The Latest On Lawful Access

Dear Consultation Committee:

I am writing on behalf of the British Columbia Civil Liberties Association (BCCLA). Our Association has made previous submissions during the consultation processes on lawful access held in 2002 and 2005. There is no change in our substantive submission on the issue of what is now being re-branded as “customer name and address information” (“CNA information”), previously known as “subscriber information”. We remain adamantly opposed to the lowering of the standard for police access to this personal information. It is our submission that the proposal is a significant expansion of police powers that has never been justified and would clearly violate citizens’ rights.

There is no demonstrated need for this significant expansion of police powers

Law enforcement agencies have lobbied for years to acquire the ability to demand access to personal information of customers of telecommunication service providers (TSP’s). As noted by numerous commentators, a need for the proposed expanded police powers has never been demonstrated.

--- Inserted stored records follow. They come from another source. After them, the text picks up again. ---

(* Fix stress levels $x_1<x_2$, a stress-change time $\tau>0$, and inspection times $0=t_0<t_1<\cdots<t_L$ with $t_k=\tau$ for some $1\le k<L$. Let $\theta=(\gamma_0,\gamma_1,a_1)\in\Theta=(0,\infty)^3$, and let $s=s(\theta)=u-\tau$, where $u$ is the unique positive root of $\frac{\gamma_1}{2}u^2+\gamma_0u-e^{a_1(x_1-x_2)}\left(\gamma_0\tau+\gamma_1\frac{\tau^2}{2}\right)=0$. Define $$R_\theta(t,x_1)=\exp\!\Big(-e^{a_1x_1}\big(\gamma_0t+\gamma_1\tfrac{t^2}{2}\big)\Big),\qquad R_\theta(t,x_2)=\exp\!\Big(-e^{a_1x_2}\big(\gamma_0(t+s)+\gamma_1\tfrac{(t+s)^2}{2}\big)\Big),$$ and the step-stress reliability $R_\theta(t)=R_\theta(t,x_1)$ for $0\le t\le\tau$, $R_\theta(t)=R_\theta(t,x_2)$ for $t\ge\tau$. Let $\pi_j(\theta)=R_\theta(t_{j-1})-R_\theta(t_j)$ for $j=1,\dots,L$, $\pi_{L+1}(\theta)=R_\theta(t_L)$, $\pi(\theta)=(\pi_1(\theta),\dots,\pi_{L+1}(\theta))^T$. Given observed counts $(n_1,\dots,n_{L+1})$ with $N=\sum_j n_j$ and $\widehat p=(n_1/N,\dots,n_{L+1}/N)^T$, and $\beta\ge0$, let $\widehat\theta_\beta$ be a minimum density power divergence estimator, i.e. a minimizer over $\Theta$ of $d_\beta(\widehat p,\pi(\theta))$, where for $\beta>0$ $$d_\beta(\widehat p,\pi(\theta))=\sum_{j=1}^{L+1}\Big[\pi_j(\theta)^{\beta+1}-\big(1+\tfrac1\beta\big)\pi_j(\theta)^\beta\widehat p_j+\tfrac1\beta\widehat p_j^{\beta+1}\Big]$$ and for $\beta=0$, $d_0(\widehat p,\pi(\theta))=\sum_{j}\widehat p_j\log(\widehat p_j/\pi_j(\theta))$. Then $\widehat\theta_\beta$ satisfies $U_\beta(\widehat\theta_\beta)=0\in\mathbb{R}^3$, where $$U_\beta(\theta)=W(\theta)^TD(\theta)^{\beta-1}\big(\widehat p-\pi(\theta)\big),$$ $D(\theta)=\mathrm{diag}(\pi_1(\theta),\dots,\pi_{L+1}(\theta))$, and $W(\theta)$ is the $(L+1)\times3$ Jacobian matrix of $\pi(\theta)$ whose $j$-th row is $w_j^T$ with $w_j=\frac{\partial R_\theta(t_{j-1},x_1)}{\partial\theta}-\frac{\partial R_\theta(t_j,x_1)}{\partial\theta}$ if $t_{j-1}<\tau$, $w_j=\frac{\partial R_\theta(t_{j-1},x_2)}{\partial\theta}-\frac{\partial R_\theta(t_j,x_2)}{\partial\theta}$ if $\tau\le t_{j-1}$ and $j\le L$, and $w_{L+1}=\frac{\partial R_\theta(t_L,x_2)}{\partial\theta}$. Here, with $k_1(t)=\gamma_1t+\gamma_0$ and $k_2(t)=\frac{\gamma_1}{2}t+\gamma_0$, the gradients are $$\frac{\partial R_\theta(t,x_1)}{\partial\gamma_0}=-R_\theta(t,x_1)e^{a_1x_1}t,\quad \frac{\partial R_\theta(t,x_1)}{\partial\gamma_1}=-R_\theta(t,x_1)e^{a_1x_1}\frac{t^2}{2},\quad \frac{\partial R_\theta(t,x_1)}{\partial a_1}=-R_\theta(t,x_1)e^{a_1x_1}t\,k_2(t)\,x_1,$$ $$\frac{\partial R_\theta(t,x_2)}{\partial\gamma_0}=-R_\theta(t,x_2)e^{a_1x_2}\Big((t+s)+\frac{\gamma_1}{2}\frac{(\tau+s)s}{k_2(\tau)}\frac{k_1(t+s)}{k_1(\tau+s)}\Big),$$ $$\frac{\partial R_\theta(t,x_2)}{\partial\gamma_1}=-R_\theta(t,x_2)e^{a_1x_2}\Big(\frac{(t+s)^2}{2}-\frac{\gamma_0}{2}\frac{(\tau+s)s}{k_2(\tau)}\frac{k_1(t+s)}{k_1(\tau+s)}\Big),$$ $$\frac{\partial R_\theta(t,x_2)}{\partial a_1}=-R_\theta(t,x_2)e^{a_1x_2}\Big[(t+s)k_2(t+s)x_2+\frac{k_1(t+s)}{k_1(\tau+s)}(\tau+s)k_2(\tau+s)(x_1-x_2)\Big].$$
   Context: Interval-monitored simple step-stress accelerated life test under a proportional hazards model with linear baseline hazard $h_0(t)=\gamma_0+\gamma_1t$ and stress effect $e^{a_1x}$, combined with the cumulative exposure model (the shift $s$ makes the cumulative hazard continuous at $\tau$, with $s<0$ and $\tau+s>0$). $N$ devices are tested; $n_j$ is the number failing in $(t_{j-1},t_j]$ for $j\le L$ and $n_{L+1}$ the number surviving past $t_L$. Stress is $x_1$ on $[0,\tau)$ and $x_2$ afterwards. *)

theory Defs
  imports "HOL-Analysis.Analysis"
begin
(* For every multiway system $M=(R,s,\Sigma)$ there is a multiway system $M'=(R',s',\{a,b\})$, where $a,b$ are two distinct symbols, such that the states graphs of $M$ and $M'$ are isomorphic.
   Context: A (string-based) multiway system is a triple $(R,s,\Sigma)$ with $\Sigma$ a finite alphabet, $R$ a finite set of string replacement rules $r\to t$ with $r,t\in\Sigma^*$, and initial string $s\in\Sigma^*$. Its states graph is the directed graph whose vertices are the strings reachable from $s$ by repeated rule application, with an edge $u\to v$ whenever $v$ arises from $u$ by replacing one occurrence of some rule's left side $r$ in $u$ by the corresponding right side $t$. *)

theory Defs
  imports Main
begin

definition multiway_system :: "('a list \<times> 'a list) set \<Rightarrow> 'a list \<Rightarrow> 'a set \<Rightarrow> bool" where
  "multiway_system R s \<Sigma> \<longleftrightarrow>
     finite \<Sigma> \<and> finite R \<and> (\<forall>(r, t) \<in> R. set r \<subseteq> \<Sigma> \<and> set t \<subseteq> \<Sigma>) \<and> set s \<subseteq> \<Sigma>"

definition mw_step :: "('a list \<times> 'a list) set \<Rightarrow> 'a list \<Rightarrow> 'a list \<Rightarrow> bool" where
  "mw_step R u v \<longleftrightarrow> (\<exists>x y r t. (r, t) \<in> R \<and> u = x @ r @ y \<and> v = x @ t @ y)"

definition mw_states :: "('a list \<times> 'a list) set \<Rightarrow> 'a list \<Rightarrow> 'a list set" where
  "mw_states R s = {v. (mw_step R)\<^sup>*\<^sup>* s v}"

definition mw_edges :: "('a list \<times> 'a list) set \<Rightarrow> 'a list \<Rightarrow> ('a list \<times> 'a list) set" where
  "mw_edges R s = {(u, v). u \<in> mw_states R s \<and> v \<in> mw_states R s \<and> mw_step R u v}"

definition digraph_iso :: "'u set \<Rightarrow> ('u \<times> 'u) set \<Rightarrow> 'v set \<Rightarrow> ('v \<times> 'v) set \<Rightarrow> bool" where
  "digraph_iso V E W F \<longleftrightarrow>
     (\<exists>f. bij_betw f V W \<and> (\<forall>u\<in>V. \<forall>v\<in>V. (u, v) \<in> E \<longleftrightarrow> (f u, f v) \<in> F))"

end

theory Submission
  imports Defs
begin

text \<open>Two normalisations, each given by an injective map on words that turns steps into
  steps and back, hence an isomorphism of states graphs.
  First every left side is made nonempty: append an end marker to all words and let each
  rule carry one symbol of right context (a letter or the marker).
  Then every letter is replaced by a codeword \<open>a b\<^sup>n\<^sup>+\<^sup>1 a\<close> for an injective numbering
  \<open>n\<close> of the letters. In a concatenation of codewords \<open>a b\<close> occurs exactly at the codeword
  boundaries, and every encoded nonempty left side begins with \<open>a b\<close>, so every occurrence
  of an encoded left side in an encoded word is the encoding of an occurrence.\<close>

lemma digraph_iso_trans:
  assumes "digraph_iso V E W F" "digraph_iso W F X G"
  shows "digraph_iso V E X G"
proof -
  obtain f where f: "bij_betw f V W" "\<forall>u\<in>V. \<forall>v\<in>V. (u, v) \<in> E \<longleftrightarrow> (f u, f v) \<in> F"
    using assms(1) by (auto simp: digraph_iso_def)
  obtain g where g: "bij_betw g W X" "\<forall>u\<in>W. \<forall>v\<in>W. (u, v) \<in> F \<longleftrightarrow> (g u, g v) \<in> G"
    using assms(2) by (auto simp: digraph_iso_def)
  have "bij_betw (g \<circ> f) V X" using f(1) g(1) by (rule bij_betw_trans)
  moreover have "\<forall>u\<in>V. \<forall>v\<in>V. (u, v) \<in> E \<longleftrightarrow> ((g \<circ> f) u, (g \<circ> f) v) \<in> G"
    using f g bij_betwE[OF f(1)] by auto
  ultimately show ?thesis unfolding digraph_iso_def by blast
qed

lemma mw_step_preserves_alphabet:
  assumes "\<forall>(r, t) \<in> R. set r \<subseteq> A \<and> set t \<subseteq> A" "set u \<subseteq> A" "mw_step R u v"
  shows "set v \<subseteq> A"
  using assms unfolding mw_step_def by fastforce

lemma mw_states_subset_if_closed:
  assumes "s \<in> S" and "\<And>u v. u \<in> S \<Longrightarrow> mw_step R u v \<Longrightarrow> v \<in> S"
  shows "mw_states R s \<subseteq> S"
proof
  fix v assume "v \<in> mw_states R s"
  hence "(mw_step R)\<^sup>*\<^sup>* s v" by (simp add: mw_states_def)
  thus "v \<in> S" by induction (use assms in auto)
qed

lemma mw_states_simulation:
  assumes sub: "mw_states R s \<subseteq> S"
    and sim: "\<And>u v'. u \<in> S \<Longrightarrow> mw_step R' (\<phi> u) v' \<longleftrightarrow> (\<exists>v. mw_step R u v \<and> v' = \<phi> v)"
  shows "mw_states R' (\<phi> s) = \<phi> ` mw_states R s"
proof (intro subset_antisym subsetI)
  fix v' assume "v' \<in> mw_states R' (\<phi> s)"
  hence "(mw_step R')\<^sup>*\<^sup>* (\<phi> s) v'" by (simp add: mw_states_def)
  thus "v' \<in> \<phi> ` mw_states R s"
  proof induction
    case base thus ?case by (auto simp: mw_states_def)
  next
    case (step y' z')
    then obtain y where y: "y \<in> mw_states R s" "y' = \<phi> y" by auto
    with step(2) sub sim obtain z where "mw_step R y z" "z' = \<phi> z" by blast
    with y show ?case by (auto simp: mw_states_def intro: rtranclp.rtrancl_into_rtrancl)
  qed
next
  fix x assume "x \<in> \<phi> ` mw_states R s"
  then obtain v where v: "(mw_step R)\<^sup>*\<^sup>* s v" "x = \<phi> v" by (auto simp: mw_states_def)
  have "(mw_step R')\<^sup>*\<^sup>* (\<phi> s) (\<phi> v)" using v(1)
  proof induction
    case (step y z)
    have "y \<in> S" using step(1) sub by (auto simp: mw_states_def)
    hence "mw_step R' (\<phi> y) (\<phi> z)" using sim step(2) by blast
    thus ?case using step(3) by (auto intro: rtranclp.rtrancl_into_rtrancl)
  qed simp
  thus "x \<in> mw_states R' (\<phi> s)" using v by (simp add: mw_states_def)
qed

Rather than evidence that warrantless access to customers’ personal information is needed, the current consultation echoes the previous ones in merely citing hypothetical illustrations. The first example cited in the current consultation backgrounder is a non-investigative situation in which the police are unable to compel customers’ personal information from a ‘non-cooperative’ TSP and as a result are unable to locate next-of-kin in emergency situations. The relevance of this example is dependent on a series of curious assumptions, starting with the assumption that it is these kinds of circumstances in which TSP’s are exercising their lawful discretion to require a warrant before releasing customers’ personal information. We note that public interest and safety disclosures are currently fully provided for in privacy legislation and we are unaware of any evidence that these provisions are not being appropriately used. Further, in addressing the often-alluded-to example of a safety emergency, the police can conduct warrantless searches in cases of exigent circumstances, which include an urgent threat of serious harm to any person or property.

Along with many other organizations, we have frequently called for evidence that shows that current laws are inadequate in the kinds of scenarios cited by proponents of information-on-demand. Half a decade after the first of these consultations, the case has yet to be made.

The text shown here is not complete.